== Recorded data ==
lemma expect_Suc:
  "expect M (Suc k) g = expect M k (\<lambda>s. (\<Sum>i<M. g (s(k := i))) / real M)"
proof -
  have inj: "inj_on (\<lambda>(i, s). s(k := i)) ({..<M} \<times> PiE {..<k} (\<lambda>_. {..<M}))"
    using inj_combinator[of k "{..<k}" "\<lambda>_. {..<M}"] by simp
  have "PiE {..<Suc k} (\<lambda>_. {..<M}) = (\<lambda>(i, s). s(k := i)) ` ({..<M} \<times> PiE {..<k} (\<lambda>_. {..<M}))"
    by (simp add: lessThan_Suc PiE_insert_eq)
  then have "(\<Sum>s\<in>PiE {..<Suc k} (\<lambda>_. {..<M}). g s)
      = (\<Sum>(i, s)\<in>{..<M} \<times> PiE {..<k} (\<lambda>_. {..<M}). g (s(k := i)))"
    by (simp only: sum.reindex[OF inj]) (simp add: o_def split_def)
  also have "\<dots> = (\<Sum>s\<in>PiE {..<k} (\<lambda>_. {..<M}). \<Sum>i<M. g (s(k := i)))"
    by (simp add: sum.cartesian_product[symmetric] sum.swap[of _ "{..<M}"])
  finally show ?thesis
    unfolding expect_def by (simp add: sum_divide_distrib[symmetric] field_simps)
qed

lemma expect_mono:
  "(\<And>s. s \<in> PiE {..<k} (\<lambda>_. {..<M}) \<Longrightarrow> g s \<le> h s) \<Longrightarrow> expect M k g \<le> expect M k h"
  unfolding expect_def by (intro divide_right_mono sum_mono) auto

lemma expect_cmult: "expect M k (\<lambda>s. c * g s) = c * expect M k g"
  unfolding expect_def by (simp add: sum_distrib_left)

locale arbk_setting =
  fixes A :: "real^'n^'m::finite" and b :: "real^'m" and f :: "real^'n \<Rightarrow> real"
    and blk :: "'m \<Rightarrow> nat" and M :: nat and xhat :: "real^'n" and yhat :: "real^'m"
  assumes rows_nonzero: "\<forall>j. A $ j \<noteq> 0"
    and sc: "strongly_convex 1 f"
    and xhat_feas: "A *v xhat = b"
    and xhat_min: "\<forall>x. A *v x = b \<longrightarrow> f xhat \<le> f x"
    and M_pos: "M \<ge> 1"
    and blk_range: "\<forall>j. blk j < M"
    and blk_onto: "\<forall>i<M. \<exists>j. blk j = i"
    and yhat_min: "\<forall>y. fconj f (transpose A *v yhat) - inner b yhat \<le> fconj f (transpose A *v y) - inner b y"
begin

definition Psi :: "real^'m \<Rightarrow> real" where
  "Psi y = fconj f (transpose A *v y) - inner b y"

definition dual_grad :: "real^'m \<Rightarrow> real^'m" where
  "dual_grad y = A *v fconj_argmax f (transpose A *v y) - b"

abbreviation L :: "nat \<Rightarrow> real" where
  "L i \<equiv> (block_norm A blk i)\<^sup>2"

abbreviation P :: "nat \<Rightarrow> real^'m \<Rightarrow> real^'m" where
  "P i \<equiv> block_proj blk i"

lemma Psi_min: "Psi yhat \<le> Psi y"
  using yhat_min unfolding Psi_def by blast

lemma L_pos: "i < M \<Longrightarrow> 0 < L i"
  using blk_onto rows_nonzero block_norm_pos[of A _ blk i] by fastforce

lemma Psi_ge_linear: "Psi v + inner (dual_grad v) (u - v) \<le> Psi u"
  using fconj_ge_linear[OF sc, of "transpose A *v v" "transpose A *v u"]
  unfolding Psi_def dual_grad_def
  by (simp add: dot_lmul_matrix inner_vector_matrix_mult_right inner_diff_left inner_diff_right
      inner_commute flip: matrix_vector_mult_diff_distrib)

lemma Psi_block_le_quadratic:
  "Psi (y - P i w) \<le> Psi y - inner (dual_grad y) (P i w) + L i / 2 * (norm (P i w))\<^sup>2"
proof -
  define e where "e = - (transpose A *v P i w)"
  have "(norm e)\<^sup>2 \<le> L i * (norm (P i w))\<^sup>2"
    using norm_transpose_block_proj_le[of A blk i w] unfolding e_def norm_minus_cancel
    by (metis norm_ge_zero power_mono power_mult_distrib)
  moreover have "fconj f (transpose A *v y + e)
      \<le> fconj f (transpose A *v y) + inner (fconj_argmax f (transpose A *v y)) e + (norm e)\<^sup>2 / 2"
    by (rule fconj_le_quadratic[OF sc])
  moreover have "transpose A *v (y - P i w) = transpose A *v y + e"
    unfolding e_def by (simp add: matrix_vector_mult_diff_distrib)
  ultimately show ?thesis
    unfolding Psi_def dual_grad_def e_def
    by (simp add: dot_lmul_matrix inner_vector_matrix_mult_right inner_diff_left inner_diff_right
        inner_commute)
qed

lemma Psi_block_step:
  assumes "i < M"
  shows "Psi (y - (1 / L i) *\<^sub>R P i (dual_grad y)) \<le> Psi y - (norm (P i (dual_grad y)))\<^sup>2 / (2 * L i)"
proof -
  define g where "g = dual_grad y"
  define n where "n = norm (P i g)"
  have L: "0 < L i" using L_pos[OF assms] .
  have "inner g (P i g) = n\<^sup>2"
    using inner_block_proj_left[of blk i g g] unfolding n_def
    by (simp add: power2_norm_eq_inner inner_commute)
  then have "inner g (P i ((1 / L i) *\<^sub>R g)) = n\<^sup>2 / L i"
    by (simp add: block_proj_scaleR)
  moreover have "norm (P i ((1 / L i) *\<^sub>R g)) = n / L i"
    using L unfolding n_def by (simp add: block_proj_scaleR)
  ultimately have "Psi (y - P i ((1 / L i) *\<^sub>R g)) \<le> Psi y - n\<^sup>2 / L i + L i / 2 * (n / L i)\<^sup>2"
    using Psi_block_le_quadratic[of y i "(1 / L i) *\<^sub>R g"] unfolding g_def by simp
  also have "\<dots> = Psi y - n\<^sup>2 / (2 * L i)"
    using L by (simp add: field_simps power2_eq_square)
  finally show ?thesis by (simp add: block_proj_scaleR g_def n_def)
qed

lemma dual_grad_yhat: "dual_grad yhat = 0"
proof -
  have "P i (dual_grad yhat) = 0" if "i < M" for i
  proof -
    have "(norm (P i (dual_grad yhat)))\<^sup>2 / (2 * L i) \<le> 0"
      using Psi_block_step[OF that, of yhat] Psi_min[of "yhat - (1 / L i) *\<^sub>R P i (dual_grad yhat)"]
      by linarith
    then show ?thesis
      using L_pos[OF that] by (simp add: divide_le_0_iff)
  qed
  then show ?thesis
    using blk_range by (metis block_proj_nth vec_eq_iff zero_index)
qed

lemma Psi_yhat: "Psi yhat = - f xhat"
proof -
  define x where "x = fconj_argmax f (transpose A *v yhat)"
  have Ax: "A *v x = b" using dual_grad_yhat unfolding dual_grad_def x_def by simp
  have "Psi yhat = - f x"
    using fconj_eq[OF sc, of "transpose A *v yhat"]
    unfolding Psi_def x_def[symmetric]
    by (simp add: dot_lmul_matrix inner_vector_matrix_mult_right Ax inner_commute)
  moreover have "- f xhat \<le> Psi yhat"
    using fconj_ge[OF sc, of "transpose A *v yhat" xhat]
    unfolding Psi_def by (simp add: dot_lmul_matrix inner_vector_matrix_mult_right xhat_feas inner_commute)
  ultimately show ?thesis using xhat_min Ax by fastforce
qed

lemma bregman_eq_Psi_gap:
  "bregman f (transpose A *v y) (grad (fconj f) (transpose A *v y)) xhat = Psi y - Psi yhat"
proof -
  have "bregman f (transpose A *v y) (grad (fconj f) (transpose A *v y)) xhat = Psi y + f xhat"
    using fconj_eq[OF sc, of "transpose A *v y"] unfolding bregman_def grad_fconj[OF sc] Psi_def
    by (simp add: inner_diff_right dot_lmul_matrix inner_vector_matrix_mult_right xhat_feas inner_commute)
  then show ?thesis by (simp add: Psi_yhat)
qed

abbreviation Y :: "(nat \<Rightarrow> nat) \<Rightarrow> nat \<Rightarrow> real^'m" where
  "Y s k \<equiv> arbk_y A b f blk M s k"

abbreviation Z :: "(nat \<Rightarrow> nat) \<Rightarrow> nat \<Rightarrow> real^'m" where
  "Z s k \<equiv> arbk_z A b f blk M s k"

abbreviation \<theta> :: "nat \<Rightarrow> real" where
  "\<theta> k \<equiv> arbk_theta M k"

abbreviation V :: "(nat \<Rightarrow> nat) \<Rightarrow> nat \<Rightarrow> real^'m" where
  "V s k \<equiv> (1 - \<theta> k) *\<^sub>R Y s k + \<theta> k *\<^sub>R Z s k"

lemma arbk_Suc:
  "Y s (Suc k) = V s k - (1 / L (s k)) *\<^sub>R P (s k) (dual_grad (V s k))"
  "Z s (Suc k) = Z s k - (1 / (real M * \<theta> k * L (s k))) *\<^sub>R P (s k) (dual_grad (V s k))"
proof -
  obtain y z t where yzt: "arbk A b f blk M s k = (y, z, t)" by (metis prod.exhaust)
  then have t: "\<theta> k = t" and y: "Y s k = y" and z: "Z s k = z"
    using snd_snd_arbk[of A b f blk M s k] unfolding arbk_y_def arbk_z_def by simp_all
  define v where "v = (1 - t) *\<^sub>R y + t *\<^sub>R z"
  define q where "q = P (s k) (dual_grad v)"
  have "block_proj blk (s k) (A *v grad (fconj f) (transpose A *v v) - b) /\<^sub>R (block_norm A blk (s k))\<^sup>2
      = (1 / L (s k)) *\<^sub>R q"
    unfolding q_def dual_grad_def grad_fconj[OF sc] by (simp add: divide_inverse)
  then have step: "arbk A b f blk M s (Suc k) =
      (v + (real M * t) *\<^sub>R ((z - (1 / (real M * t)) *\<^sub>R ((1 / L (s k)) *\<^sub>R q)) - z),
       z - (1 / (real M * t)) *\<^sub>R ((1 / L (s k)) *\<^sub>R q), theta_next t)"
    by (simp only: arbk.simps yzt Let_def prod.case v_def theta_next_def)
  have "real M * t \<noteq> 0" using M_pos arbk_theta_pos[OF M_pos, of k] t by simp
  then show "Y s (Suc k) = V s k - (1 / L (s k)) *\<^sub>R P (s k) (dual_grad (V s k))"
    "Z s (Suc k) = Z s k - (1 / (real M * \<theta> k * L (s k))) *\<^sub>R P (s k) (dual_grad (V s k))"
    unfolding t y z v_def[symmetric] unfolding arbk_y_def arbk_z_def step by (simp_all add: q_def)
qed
==
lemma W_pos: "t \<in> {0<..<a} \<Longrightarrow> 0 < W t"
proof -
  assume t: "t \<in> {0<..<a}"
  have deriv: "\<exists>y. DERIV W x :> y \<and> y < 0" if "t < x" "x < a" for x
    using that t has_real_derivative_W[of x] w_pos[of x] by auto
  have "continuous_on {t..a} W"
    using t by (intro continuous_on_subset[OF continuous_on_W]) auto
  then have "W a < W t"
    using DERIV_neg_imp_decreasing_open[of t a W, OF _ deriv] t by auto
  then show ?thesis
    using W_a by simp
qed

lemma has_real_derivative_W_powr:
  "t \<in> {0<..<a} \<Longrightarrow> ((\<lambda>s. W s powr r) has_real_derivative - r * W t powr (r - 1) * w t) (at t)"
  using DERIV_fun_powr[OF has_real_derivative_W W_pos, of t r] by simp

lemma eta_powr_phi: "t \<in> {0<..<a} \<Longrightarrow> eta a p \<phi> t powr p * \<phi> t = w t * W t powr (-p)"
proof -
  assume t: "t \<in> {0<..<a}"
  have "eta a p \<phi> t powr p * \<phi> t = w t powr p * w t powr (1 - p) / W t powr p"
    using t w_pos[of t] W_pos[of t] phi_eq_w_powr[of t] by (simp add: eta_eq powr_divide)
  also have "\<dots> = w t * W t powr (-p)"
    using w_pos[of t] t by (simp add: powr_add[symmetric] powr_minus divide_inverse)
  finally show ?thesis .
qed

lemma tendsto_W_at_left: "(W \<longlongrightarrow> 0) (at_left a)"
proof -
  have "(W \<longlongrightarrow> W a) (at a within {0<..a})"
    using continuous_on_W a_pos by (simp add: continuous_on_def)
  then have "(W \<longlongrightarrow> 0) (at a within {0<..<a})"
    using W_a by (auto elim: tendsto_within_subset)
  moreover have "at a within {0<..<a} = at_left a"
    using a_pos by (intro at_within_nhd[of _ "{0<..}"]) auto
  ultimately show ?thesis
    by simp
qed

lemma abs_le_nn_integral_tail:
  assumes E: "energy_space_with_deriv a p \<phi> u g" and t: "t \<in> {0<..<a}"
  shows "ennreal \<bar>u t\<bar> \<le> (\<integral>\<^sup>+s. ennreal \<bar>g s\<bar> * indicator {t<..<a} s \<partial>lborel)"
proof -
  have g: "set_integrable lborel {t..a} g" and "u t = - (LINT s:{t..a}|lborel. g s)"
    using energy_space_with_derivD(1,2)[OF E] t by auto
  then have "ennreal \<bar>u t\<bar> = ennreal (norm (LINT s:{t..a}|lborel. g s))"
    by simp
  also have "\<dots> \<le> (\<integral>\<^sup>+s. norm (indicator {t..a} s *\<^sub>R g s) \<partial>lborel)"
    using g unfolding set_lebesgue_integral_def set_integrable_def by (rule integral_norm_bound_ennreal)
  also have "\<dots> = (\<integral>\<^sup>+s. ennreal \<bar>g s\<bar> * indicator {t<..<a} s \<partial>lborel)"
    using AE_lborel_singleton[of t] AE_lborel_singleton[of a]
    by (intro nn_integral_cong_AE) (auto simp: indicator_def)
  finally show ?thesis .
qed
* * *
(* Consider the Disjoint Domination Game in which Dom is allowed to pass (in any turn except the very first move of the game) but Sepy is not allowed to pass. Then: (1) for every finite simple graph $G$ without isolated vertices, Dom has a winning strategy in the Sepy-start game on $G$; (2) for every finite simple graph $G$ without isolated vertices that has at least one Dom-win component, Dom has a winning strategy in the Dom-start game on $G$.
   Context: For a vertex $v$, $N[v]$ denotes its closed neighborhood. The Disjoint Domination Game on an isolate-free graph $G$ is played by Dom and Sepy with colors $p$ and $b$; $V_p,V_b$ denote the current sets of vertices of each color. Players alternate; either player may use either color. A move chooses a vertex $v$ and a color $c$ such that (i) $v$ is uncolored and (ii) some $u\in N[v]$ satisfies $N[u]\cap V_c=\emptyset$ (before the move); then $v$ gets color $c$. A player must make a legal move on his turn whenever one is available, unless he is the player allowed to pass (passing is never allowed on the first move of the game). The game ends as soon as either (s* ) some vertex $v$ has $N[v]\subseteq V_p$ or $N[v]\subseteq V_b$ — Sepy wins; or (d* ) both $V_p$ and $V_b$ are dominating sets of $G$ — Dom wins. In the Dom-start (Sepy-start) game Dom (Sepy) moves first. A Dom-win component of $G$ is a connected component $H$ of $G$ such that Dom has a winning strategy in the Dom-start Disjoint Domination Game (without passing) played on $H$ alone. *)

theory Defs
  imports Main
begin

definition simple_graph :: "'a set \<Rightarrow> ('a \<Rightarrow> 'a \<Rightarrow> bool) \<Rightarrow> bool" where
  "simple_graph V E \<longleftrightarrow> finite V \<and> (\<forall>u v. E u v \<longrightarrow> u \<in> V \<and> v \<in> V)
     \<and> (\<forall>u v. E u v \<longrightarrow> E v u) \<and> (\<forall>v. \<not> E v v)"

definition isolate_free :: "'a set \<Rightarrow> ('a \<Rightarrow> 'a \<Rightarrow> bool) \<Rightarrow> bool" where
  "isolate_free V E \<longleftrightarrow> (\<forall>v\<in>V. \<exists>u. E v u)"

== WORK INSTRUCTION ==
Give again exactly, and only, the lines above starting at the one with "k \<equiv> arbk_theta" and ending at the one with "k] t by simp".

== RESULT FOR THIS TASK ==
  "\<theta> k \<equiv> arbk_theta M k"

abbreviation V :: "(nat \<Rightarrow> nat) \<Rightarrow> nat \<Rightarrow> real^'m" where
  "V s k \<equiv> (1 - \<theta> k) *\<^sub>R Y s k + \<theta> k *\<^sub>R Z s k"

lemma arbk_Suc:
  "Y s (Suc k) = V s k - (1 / L (s k)) *\<^sub>R P (s k) (dual_grad (V s k))"
  "Z s (Suc k) = Z s k - (1 / (real M * \<theta> k * L (s k))) *\<^sub>R P (s k) (dual_grad (V s k))"
proof -
  obtain y z t where yzt: "arbk A b f blk M s k = (y, z, t)" by (metis prod.exhaust)
  then have t: "\<theta> k = t" and y: "Y s k = y" and z: "Z s k = z"
    using snd_snd_arbk[of A b f blk M s k] unfolding arbk_y_def arbk_z_def by simp_all
  define v where "v = (1 - t) *\<^sub>R y + t *\<^sub>R z"
  define q where "q = P (s k) (dual_grad v)"
  have "block_proj blk (s k) (A *v grad (fconj f) (transpose A *v v) - b) /\<^sub>R (block_norm A blk (s k))\<^sup>2
      = (1 / L (s k)) *\<^sub>R q"
    unfolding q_def dual_grad_def grad_fconj[OF sc] by (simp add: divide_inverse)
  then have step: "arbk A b f blk M s (Suc k) =
      (v + (real M * t) *\<^sub>R ((z - (1 / (real M * t)) *\<^sub>R ((1 / L (s k)) *\<^sub>R q)) - z),
       z - (1 / (real M * t)) *\<^sub>R ((1 / L (s k)) *\<^sub>R q), theta_next t)"
    by (simp only: arbk.simps yzt Let_def prod.case v_def theta_next_def)
  have "real M * t \<noteq> 0" using M_pos arbk_theta_pos[OF M_pos, of k] t by simp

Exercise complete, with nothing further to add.